A national financial software provider had acquired an ‘Account Opening’ application but was having major issues integrating, deploying and managing it within their existing suite of software offerings.
From our research we discovered consumers would abandon the process because they didn’t have the right credentials at hand while employees encountered glitches that occurred after an account was submitted for their review. Several credit unions and banks were threatening to abandon the software altogether and migrate to a competitor’s platform.
Activities
- Kickoff Workshop
- Baseline User Testing / In-Depth Interview (Consumers)

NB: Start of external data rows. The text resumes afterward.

(* If $X$ and $Y$ are weakly Alster spaces, then $X\times Y$ is weakly Alster.
   Context: All spaces are infinite ${\sf T}_1$ topological spaces. For a space $Z$, $\mathcal{G}_K$ is the family of all collections $\mathcal{U}$ of ${\sf G}_\delta$ subsets of $Z$ with $Z\notin\mathcal{U}$ such that each compact subset of $Z$ is contained in some member of $\mathcal{U}$. $Z$ is weakly Alster if every member of $\mathcal{G}_K$ (for $Z$) has a countable subcollection whose union is dense in $Z$. *)

theory Defs
  imports "HOL-Analysis.Analysis"
begin

definition GK_covers :: "'a topology \<Rightarrow> 'a set set set" where
  "GK_covers Z = {\<U>. (\<forall>U\<in>\<U>. gdelta_in Z U) \<and> topspace Z \<notin> \<U> \<and>
                      (\<forall>K. compactin Z K \<longrightarrow> (\<exists>U\<in>\<U>. K \<subseteq> U))}"

definition weakly_Alster :: "'a topology \<Rightarrow> bool" where
  "weakly_Alster Z \<longleftrightarrow>
     (\<forall>\<U>\<in>GK_covers Z. \<exists>\<V>. \<V> \<subseteq> \<U> \<and> countable \<V> \<and> Z closure_of (\<Union>\<V>) = topspace Z)"

end

theory Submission
  imports Defs
begin

text \<open>Every member of a \<open>G\<^sub>K\<close>-cover of \<open>X \<times> Y\<close> contains a G-delta rectangle \<open>a K L \<times> b K L\<close>
  around each product \<open>K \<times> L\<close> of compact sets. Since \<open>X\<close> is weakly Alster, for fixed \<open>L\<close>
  countably many \<open>K\<close> make the sets \<open>a K L\<close> dense in \<open>X\<close>; the countable intersection \<open>W L\<close>
  of the matching sets \<open>b K L\<close> is again a G-delta neighbourhood of \<open>L\<close>, so countably many \<open>L\<close>
  make the sets \<open>W L\<close> dense in \<open>Y\<close>. The countably many chosen rectangles then have dense union.\<close>

lemma Wallace_theorem_prod_topology_gdelta:
  assumes K: "compactin X K" and L: "compactin Y L"
    and G: "gdelta_in (prod_topology X Y) G" and KL: "K \<times> L \<subseteq> G"
  obtains A B where "gdelta_in X A" "gdelta_in Y B" "K \<subseteq> A" "L \<subseteq> B" "A \<times> B \<subseteq> G"
proof -
  obtain \<W> where "countable \<W>" and open_\<W>: "\<And>W. W \<in> \<W> \<Longrightarrow> openin (prod_topology X Y) W"
    and G_eq: "G = \<Inter>\<W>"
    using G unfolding gdelta_in_alt intersection_of_def by auto
  have "\<forall>W\<in>\<W>. \<exists>U V. openin X U \<and> openin Y V \<and> K \<subseteq> U \<and> L \<subseteq> V \<and> U \<times> V \<subseteq> W"
  proof
    fix W assume "W \<in> \<W>"
    then have "K \<times> L \<subseteq> W"
      using KL G_eq by auto
    then show "\<exists>U V. openin X U \<and> openin Y V \<and> K \<subseteq> U \<and> L \<subseteq> V \<and> U \<times> V \<subseteq> W"
      using Wallace_theorem_prod_topology[OF K L open_\<W>[OF \<open>W \<in> \<W>\<close>]] by metis
  qed
  then obtain U V where UV: "\<And>W. W \<in> \<W> \<Longrightarrow>
      openin X (U W) \<and> openin Y (V W) \<and> K \<subseteq> U W \<and> L \<subseteq> V W \<and> U W \<times> V W \<subseteq> W"
    by metis
  define A where "A = \<Inter>(insert (topspace X) (U ` \<W>))"
  define B where "B = \<Inter>(insert (topspace Y) (V ` \<W>))"
  show thesis
  proof
    show "gdelta_in X A" "gdelta_in Y B"
      unfolding A_def B_def using \<open>countable \<W>\<close> UV
      by (intro gdelta_in_Inter; auto intro: open_imp_gdelta_in)+
    show "K \<subseteq> A" "L \<subseteq> B"
      using UV compactin_subset_topspace[OF K] compactin_subset_topspace[OF L]
      unfolding A_def B_def by auto
    show "A \<times> B \<subseteq> G"
      unfolding A_def B_def G_eq using UV by fastforce
  qed
qed

lemma GK_covers_prod_topology_rectangle:
  assumes "\<U> \<in> GK_covers (prod_topology X Y)" "compactin X K" "compactin Y L"
  obtains U A B where "U \<in> \<U>" "gdelta_in X A" "gdelta_in Y B" "K \<subseteq> A" "L \<subseteq> B" "A \<times> B \<subseteq> U"
proof -
  obtain U where "U \<in> \<U>" "K \<times> L \<subseteq> U"
    using assms compactin_Times unfolding GK_covers_def by blast
  moreover have "gdelta_in (prod_topology X Y) U"
    using assms(1) \<open>U \<in> \<U>\<close> unfolding GK_covers_def by blast
  ultimately show thesis
    using Wallace_theorem_prod_topology_gdelta[OF assms(2,3)] that by metis
qed

text \<open>If some \<open>f K\<close> is the whole space, the \<open>G\<^sub>K\<close>-condition \<open>Z \<notin> \<U>\<close> fails; then a single
  compact set already does the job.\<close>

lemma weakly_Alster_dense_image:
  assumes "weakly_Alster Z"
    and gdelta: "\<And>K. compactin Z K \<Longrightarrow> gdelta_in Z (f K)"
    and covers: "\<And>K. compactin Z K \<Longrightarrow> K \<subseteq> f K"
  obtains \<K> where "countable \<K>" "\<And>K. K \<in> \<K> \<Longrightarrow> compactin Z K"
    "Z closure_of (\<Union>K\<in>\<K>. f K) = topspace Z"
proof (cases "topspace Z \<in> f ` {K. compactin Z K}")
  case True
  then obtain K0 where "compactin Z K0" "f K0 = topspace Z"
    by auto
  then show thesis
    by (intro that[of "{K0}"]) auto
next
  case False
  then have "f ` {K. compactin Z K} \<in> GK_covers Z"
    unfolding GK_covers_def using gdelta covers by blast
  then obtain \<V> where "\<V> \<subseteq> f ` {K. compactin Z K}" "countable \<V>"
    and "Z closure_of (\<Union>\<V>) = topspace Z"
    using \<open>weakly_Alster Z\<close> unfolding weakly_Alster_def by blast
  moreover obtain \<K> where "countable \<K>" "\<K> \<subseteq> {K. compactin Z K}" "\<V> = f ` \<K>"
    using countable_subset_image[of \<V> f "{K. compactin Z K}"] calculation by blast
  ultimately show thesis
    by (intro that[of \<K>]) auto
qed

lemma prod_topology_dense_Union_Times:
  assumes dense_B: "Y closure_of (\<Union>i\<in>I. B i) = topspace Y"
    and dense_A: "\<And>i. i \<in> I \<Longrightarrow> X closure_of (\<Union>j\<in>J i. A i j) = topspace X"
  shows "prod_topology X Y closure_of (\<Union>i\<in>I. \<Union>j\<in>J i. A i j \<times> B i)
           = topspace (prod_topology X Y)"
  unfolding dense_intersects_open
proof (intro allI impI)
  fix T assume T: "openin (prod_topology X Y) T \<and> T \<noteq> {}"
  then obtain x y where "(x, y) \<in> T"
    by auto
  then obtain Q P where "openin X Q" "openin Y P" "x \<in> Q" "y \<in> P" "Q \<times> P \<subseteq> T"
    using T openin_prod_topology_alt by metis
  then obtain i y' where i: "i \<in> I" "y' \<in> B i" "y' \<in> P"
    using dense_B unfolding dense_intersects_open by blast
  then obtain j x' where "j \<in> J i" "x' \<in> A i j" "x' \<in> Q"
    using dense_A[OF \<open>i \<in> I\<close>] \<open>openin X Q\<close> \<open>x \<in> Q\<close> unfolding dense_intersects_open by blast
  with i \<open>Q \<times> P \<subseteq> T\<close> show "(\<Union>i\<in>I. \<Union>j\<in>J i. A i j \<times> B i) \<inter> T \<noteq> {}"
    by blast
qed

lemma dense_closure_of_superset:
  assumes "X closure_of S = topspace X" "S \<subseteq> T"
  shows "X closure_of T = topspace X"
  using closure_of_mono[OF assms(2), of X] closure_of_subset_topspace[of X T] assms(1) by simp

lemma weakly_Alster_prod_topology:
  assumes "weakly_Alster X" and "weakly_Alster Y"
  shows "weakly_Alster (prod_topology X Y)"
  unfolding weakly_Alster_def
proof
  fix \<U> assume \<U>: "\<U> \<in> GK_covers (prod_topology X Y)"
  have "\<exists>U A B. U \<in> \<U> \<and> gdelta_in X A \<and> gdelta_in Y B \<and> K \<subseteq> A \<and> L \<subseteq> B \<and> A \<times> B \<subseteq> U"
    if "compactin X K" "compactin Y L" for K L
    using GK_covers_prod_topology_rectangle[OF \<U> that] by metis
  then obtain u a b where uab: "\<And>K L. compactin X K \<Longrightarrow> compactin Y L \<Longrightarrow>
      u K L \<in> \<U> \<and> gdelta_in X (a K L) \<and> gdelta_in Y (b K L) \<and>
      K \<subseteq> a K L \<and> L \<subseteq> b K L \<and> a K L \<times> b K L \<subseteq> u K L"
    by metis
  have "\<exists>\<K>. countable \<K> \<and> (\<forall>K\<in>\<K>. compactin X K) \<and>
          X closure_of (\<Union>K\<in>\<K>. a K L) = topspace X" if "compactin Y L" for L
    using weakly_Alster_dense_image[OF \<open>weakly_Alster X\<close>, of "\<lambda>K. a K L"] uab[OF _ that]
    by metis
  then obtain kk where kk: "\<And>L. compactin Y L \<Longrightarrow> countable (kk L) \<and>
      (\<forall>K\<in>kk L. compactin X K) \<and> X closure_of (\<Union>K\<in>kk L. a K L) = topspace X"
    by metis
  define W where "W L = \<Inter>(insert (topspace Y) ((\<lambda>K. b K L) ` kk L))" for L
  obtain \<L> where "countable \<L>" and compact_\<L>: "\<And>L. L \<in> \<L> \<Longrightarrow> compactin Y L"
    and dense_W: "Y closure_of (\<Union>L\<in>\<L>. W L) = topspace Y"
  proof (rule weakly_Alster_dense_image[OF \<open>weakly_Alster Y\<close>, of W])
    show "gdelta_in Y (W L)" if "compactin Y L" for L
      unfolding W_def
      by (rule gdelta_in_Inter) (use kk[OF that] uab[OF _ that] in auto)
    show "L \<subseteq> W L" if "compactin Y L" for L
      unfolding W_def using kk[OF that] uab[OF _ that] compactin_subset_topspace[OF that] by auto
  qed blast
  define \<V> where "\<V> = (\<Union>L\<in>\<L>. (\<lambda>K. u K L) ` kk L)"
  have rectangle_in_u: "a K L \<times> W L \<subseteq> u K L" if "L \<in> \<L>" "K \<in> kk L" for K L
  proof -
    have "compactin Y L" "compactin X K"
      using that compact_\<L> kk by auto
    moreover have "W L \<subseteq> b K L"
      unfolding W_def using that by auto
    ultimately show ?thesis
      using uab by blast
  qed
  have dense_rectangles: "prod_topology X Y closure_of (\<Union>L\<in>\<L>. \<Union>K\<in>kk L. a K L \<times> W L)
      = topspace (prod_topology X Y)"
    by (rule prod_topology_dense_Union_Times[OF dense_W]) (use kk compact_\<L> in blast)
  have rectangles_in_\<V>: "(\<Union>L\<in>\<L>. \<Union>K\<in>kk L. a K L \<times> W L) \<subseteq> \<Union>\<V>"
    unfolding \<V>_def using rectangle_in_u by blast
  have "prod_topology X Y closure_of \<Union>\<V> = topspace (prod_topology X Y)"
    by (rule dense_closure_of_superset[OF dense_rectangles rectangles_in_\<V>])
  moreover have "\<V> \<subseteq> \<U>"
    unfolding \<V>_def using compact_\<L> kk uab by blast
  moreover have "countable \<V>"
    unfolding \<V>_def using \<open>countable \<L>\<close> compact_\<L> kk by (intro countable_UN) auto
  ultimately show "\<exists>\<V>\<subseteq>\<U>. countable \<V> \<and> prod_topology X Y closure_of \<Union>\<V> = topspace (prod_topology X Y)"
    by blast
qed

text \<open>The \<open>T\<^sub>1\<close> and infinitude hypotheses are standing conventions of the paper; the
  product theorem does not need them.\<close>

theorem theorem5p11:
  fixes X :: "'a topology" and Y :: "'b topology"
  assumes "t1_space X" and "infinite (topspace X)"
      and "t1_space Y" and "infinite (topspace Y)"
      and "weakly_Alster X" and "weakly_Alster Y"
  shows "weakly_Alster (prod_topology X Y)"
  using weakly_Alster_prod_topology \<open>weakly_Alster X\<close> \<open>weakly_Alster Y\<close> by blast

end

- Contextual Inquiry (Employees)
- Affinity Diagramming
- Wall Walk
- Opportunity Prioritization Workshop
- Prototype Testing
- Case Study
- Financial
- Engagement Type
- B2C & B2B
Approach
We recruited 12 consumers who had recently opened bank accounts and gave them dummy information to go thru the account opening process using the client’s software and one of three competitors software. We also met with 6 different credit union and bank groups and conducted contextual inquiries with 10+ employees to see their account opening administration/management processes using the client’s software.
Data Synthesis
We created an affinity diagram from over 700 data points to determine where the most pain points occurred during the entire account opening process (discovery, initial setup, processing, confirmation, post-submission, welcome, etc.) While most consumers just needed a simple process flow that spelled out exact requirements (like home address and DL#) many of the administration features were severely lacking or too convoluted for most bank employees to use without extensive training. Destructive errors would occur if data entry and validation was not completed in a specific order of operations.
We conducted a wall walk workshop with the client to present the initial findings and gather opportunities.
Output
The day after the wall walk exercise we hosted an opportunity prioritization workshop where we compiled, ranked and plotted opportunities based on value to user, value to business and development lift. The entire team determined which features should be considered MVP for a prototype.
We then constructed a prototype based on the new opportunities that addressed both the consumer and employee-facing versions of the software. We then tested users with the prototype, which users and employees had little to no trouble completing and processing a new account.
This led to a complete build-out of the new software which performed much better for both customers and banking employees.